Create a ToolMessage from an OpenAI-format message dictionary.

Parameters

messages – A dictionary with role set to "tool", a content string, and a tool_call_id string.

Returns

A new ToolMessage instance with the parsed content and tool call ID.

Raises

AssertionError – If tool_call_id is not present in the input, as it is required for tool messages.

model_config: ClassVar[ConfigDict] = {'extra': 'forbid', 'use_enum_values': True, 'validate_default': True}#

Configuration for the model, should be a dictionary conforming to [ConfigDict][pydantic.config.ConfigDict].

role: tool: 'tool'>]#
to_openai() dict[str, str | list[dict[str, str | dict[str, Any]]]][source]#

Convert the tool message to OpenAI API format.

Returns

A dictionary with role, content, and tool_call_id keys.

Raises

AssertionError – If tool_call_id is None, as OpenAI requires tool messages to reference a specific tool call.

tool_call_id: str | None#
class calute.types.messages.UserMessage(*, role: ~typing.Literal[<Roles.user: 'user'>] = Roles.user, content: str | list[typing.Annotated[calute.types.messages.TextChunk | calute.types.messages.ImageChunk | calute.types.messages.ImageURLChunk, FieldInfo(annotation=NoneType, required=True, discriminator='type')]])[source]#

Bases: BaseMessage

Message from the user in a chat conversation.

Supports both plain text content and multimodal content consisting of a list of content chunks (text, images, image URLs).

role#

The message role, always Roles.user.

Type

Literal[<Roles.user: ‘user’>]

content#

The message content, either a plain text string or a list of ContentChunk objects for multimodal messages.

Type

str | list[Annotated[calute.types.messages.TextChunk | calute.types.messages.ImageChunk | calute.types.messages.ImageURLChunk, FieldInfo(annotation=NoneType, required=True, discriminator=’type’)]]

Example

>>> message = UserMessage(content="Can you help me to write a poem?")
>>> message.role
<Roles.user: 'user'>
content: str | list[typing.Annotated[calute.types.messages.TextChunk | calute.types.messages.ImageChunk | calute.types.messages.ImageURLChunk, FieldInfo(annotation=NoneType, required=True, discriminator='type')]]#
classmethod from_openai(openai_message: dict[str, str | list[dict[str, str | dict[str, Any]]]]) UserMessage[source]#

Create a UserMessage from an OpenAI-format message dictionary.

Handles both plain text content strings and lists of content chunk dictionaries for multimodal messages.

Parameters

openai_message – A dictionary with role set to "user" and a content key containing either a string or a list of content chunk dictionaries.

Returns

A new UserMessage instance with properly typed content.
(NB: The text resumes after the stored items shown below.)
(* Let $\mathcal A$ be a linear time-invariant algorithm with $n$ oracles, state-space realization $(A,B,C,D)$ and transfer function $\hat H(z)$ with entries $h_{ij}(z)$, $1\le i,j\le n$. (a) Suppose $D_{kk}\ne0$ for some $k\in[n]$. Then the transfer function $\hat H'(z)$ of $\mathcal C_k\mathcal A$ has entries $$h'_{ij}(z)=\begin{cases}1/h_{kk}(z)& i=k,\ j=k,\\ -h_{kj}(z)/h_{kk}(z)& i=k,\ j\ne k,\\ h_{ik}(z)/h_{kk}(z)& i\ne k,\ j=k,\\ h_{ij}(z)-h_{ik}(z)h_{kj}(z)/h_{kk}(z)& i\ne k,\ j\ne k.\end{cases}$$ (b) Suppose $D$ is invertible. Then the transfer function $\hat H'(z)$ of $\mathcal C_{[n]}\mathcal A$ satisfies $\hat H'(z)=\hat H^{-1}(z)$.
   Context: A linear time-invariant algorithm with realization $(A,B,C,D)$ generates $x^{k+1}=Ax^k+Bu^k$, $y^k=Cx^k+Du^k$, $u^k=\phi(y^k)$, where the $n$ oracles are (sub)gradients $\partial f_i$ of convex functions; its transfer function is $\hat H(z)=C(zI-A)^{-1}B+D$. For $\kappa\subseteq[n]=\{1,\dots,n\}$, the conjugation $\mathcal C_\kappa\mathcal A$ is obtained by rewriting $\mathcal A$ to call $\partial f_i^\star=(\partial f_i)^{-1}$ ($f^\star$ the Fenchel conjugate) instead of $\partial f_i$ for each $i\in\kappa$, which swaps the oracle argument and output for those oracles; $\mathcal C_k=\mathcal C_{\{k\}}$. *)

theory Defs
  imports "HOL-Analysis.Analysis"
begin

text \<open>A state-space realization (A,B,C,D) of an LTI algorithm with state index type 's
  and oracle index type 'i (one scalar oracle per index i).\<close>
type_synonym ('s, 'i) realization =
  "(real^'s^'s) \<times> (real^'i^'s) \<times> (real^'s^'i) \<times> (real^'i^'i)"

definition lti_traj :: "('s::finite, 'i::finite) realization \<Rightarrow>
    (nat \<Rightarrow> real^'s) \<Rightarrow> (nat \<Rightarrow> real^'i) \<Rightarrow> (nat \<Rightarrow> real^'i) \<Rightarrow> bool" where
  "lti_traj R x u y \<longleftrightarrow> (case R of (A, B, C, D) \<Rightarrow>
     (\<forall>t. x (Suc t) = A *v x t + B *v u t \<and> y t = C *v x t + D *v u t))"

text \<open>Conjugating the oracles in \<kappa> swaps oracle argument and output for those oracles:
  the new oracle output is the old argument y_i, the new oracle argument is the old output u_i.\<close>
definition conj_in :: "'i set \<Rightarrow> real^'i \<Rightarrow> real^'i \<Rightarrow> real^'i" where
  "conj_in \<kappa> u y = (\<chi> i. if i \<in> \<kappa> then y $ i else u $ i)"

definition conj_out :: "'i set \<Rightarrow> real^'i \<Rightarrow> real^'i \<Rightarrow> real^'i" where
  "conj_out \<kappa> u y = (\<chi> i. if i \<in> \<kappa> then u $ i else y $ i)"

text \<open>R' is a realization of the conjugated algorithm C_\<kappa> A: R' generates exactly the
  iterates of R, with oracle arguments and outputs swapped for the oracles in \<kappa>.\<close>
definition is_conjugation :: "'i set \<Rightarrow> ('s::finite, 'i::finite) realization \<Rightarrow>
    ('s, 'i) realization \<Rightarrow> bool" where
  "is_conjugation \<kappa> R R' \<longleftrightarrow>
     (\<forall>x u y. lti_traj R x u y \<longleftrightarrow>
        lti_traj R' x (\<lambda>t. conj_in \<kappa> (u t) (y t)) (\<lambda>t. conj_out \<kappa> (u t) (y t)))"

definition cmat :: "real^'n^'m \<Rightarrow> complex^'n^'m" where
  "cmat M = (\<chi> i j. complex_of_real (M $ i $ j))"

definition resolvent_ok :: "('s::finite, 'i::finite) realization \<Rightarrow> complex \<Rightarrow> bool" where
  "resolvent_ok R z \<longleftrightarrow> (case R of (A, B, C, D) \<Rightarrow> invertible (mat z - cmat A))"

definition transfer :: "('s::finite, 'i::finite) realization \<Rightarrow> complex \<Rightarrow> complex^'i^'i" where
  "transfer R z = (case R of (A, B, C, D) \<Rightarrow>
     cmat C ** matrix_inv (mat z - cmat A) ** cmat B + cmat D)"

definition Dmat :: "('s, 'i) realization \<Rightarrow> real^'i^'i" where
  "Dmat R = snd (snd (snd R))"

end

theory Submission
  imports Defs
begin

text \<open>
  Write \<open>P\<close> and \<open>Q\<close> for the coordinate projections onto \<open>\<kappa>\<close> and onto its complement, so that
  \<open>\<C>\<^sub>\<kappa>\<A>\<close> feeds its oracles \<open>Qu + Py\<close> and reads back \<open>Pu + Qy\<close>. A realization
  \<open>(A', B', C', D')\<close> of \<open>\<C>\<^sub>\<kappa>\<A>\<close> must satisfy
  \<open>A' = A + BPC'\<close>, \<open>B' = BQ + BPD'\<close>, \<open>QC' = C + DPC'\<close> and \<open>P + QD' = DQ + DPD'\<close>
  (run it from an arbitrary state with a constant input for one step), and conversely these
  identities describe a realization as soon as \<open>DP - Q\<close> is invertible, which also allows
  solving them for \<open>C'\<close> and \<open>D'\<close>. Carried through the resolvents, the identities give
  \<open>H (Q + P H') = P + Q H'\<close> for the transfer functions. For \<open>\<kappa> = {k}\<close> this is one linear
  equation per entry of \<open>H'\<close>, solved by a pivot on \<open>h\<^sub>k\<^sub>k\<close>; for \<open>\<kappa> = [n]\<close> it reads \<open>H H' = I\<close>.
\<close>

lemma matrix_inv_left:
  fixes M :: "'a::field^'n^'n"
  assumes "invertible M"
  shows "matrix_inv M ** M = mat 1"
  using someI_ex[OF assms[unfolded invertible_def]] unfolding matrix_inv_def by auto

lemma matrix_inv_right:
  fixes M :: "'a::field^'n^'n"
  assumes "invertible M"
  shows "M ** matrix_inv M = mat 1"
  using someI_ex[OF assms[unfolded invertible_def]] unfolding matrix_inv_def by auto

lemma matrix_inv_unique:
  fixes M N :: "'a::field^'n^'n"
  assumes "M ** N = mat 1"
  shows "matrix_inv M = N"
proof -
  have "invertible M"
    using assms invertible_right_inverse by blast
  then have "matrix_inv M = matrix_inv M ** (M ** N)"
    using assms by simp
  also have "\<dots> = N"
    by (simp add: matrix_mul_assoc matrix_inv_left \<open>invertible M\<close>)
  finally show ?thesis .
qed

lemma invertible_matrix_vector_mult_cancel:
  fixes M :: "'a::field^'n^'n"
  assumes "invertible M"
  shows "M *v a = M *v b \<longleftrightarrow> a = b"
  by (metis assms matrix_inv_left matrix_vector_mul_assoc matrix_vector_mul_lid)

lemma matrix_add_rdistrib: "(B + C) ** A = B ** A + C ** A"
  by (vector matrix_matrix_mult_def sum.distrib[symmetric] field_simps)

lemma matrix_diff_rdistrib: "(B - C) ** (A :: 'a::ring_1^_^_) = B ** A - C ** A"
  by (vector matrix_matrix_mult_def sum_subtractf[symmetric] field_simps)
model_config: ClassVar[ConfigDict] = {'extra': 'forbid', 'use_enum_values': True, 'validate_default': True}#

Configuration for the model, should be a dictionary conforming to [ConfigDict][pydantic.config.ConfigDict].

role: user: 'user'>]#
to_openai() dict[str, str | list[dict[str, str | dict[str, Any]]]][source]#

Convert the user message to OpenAI API format.

Handles both plain text content (returned as a string) and multimodal content (returned as a list of content chunk dictionaries).

Returns

A dictionary with role and content keys in OpenAI format.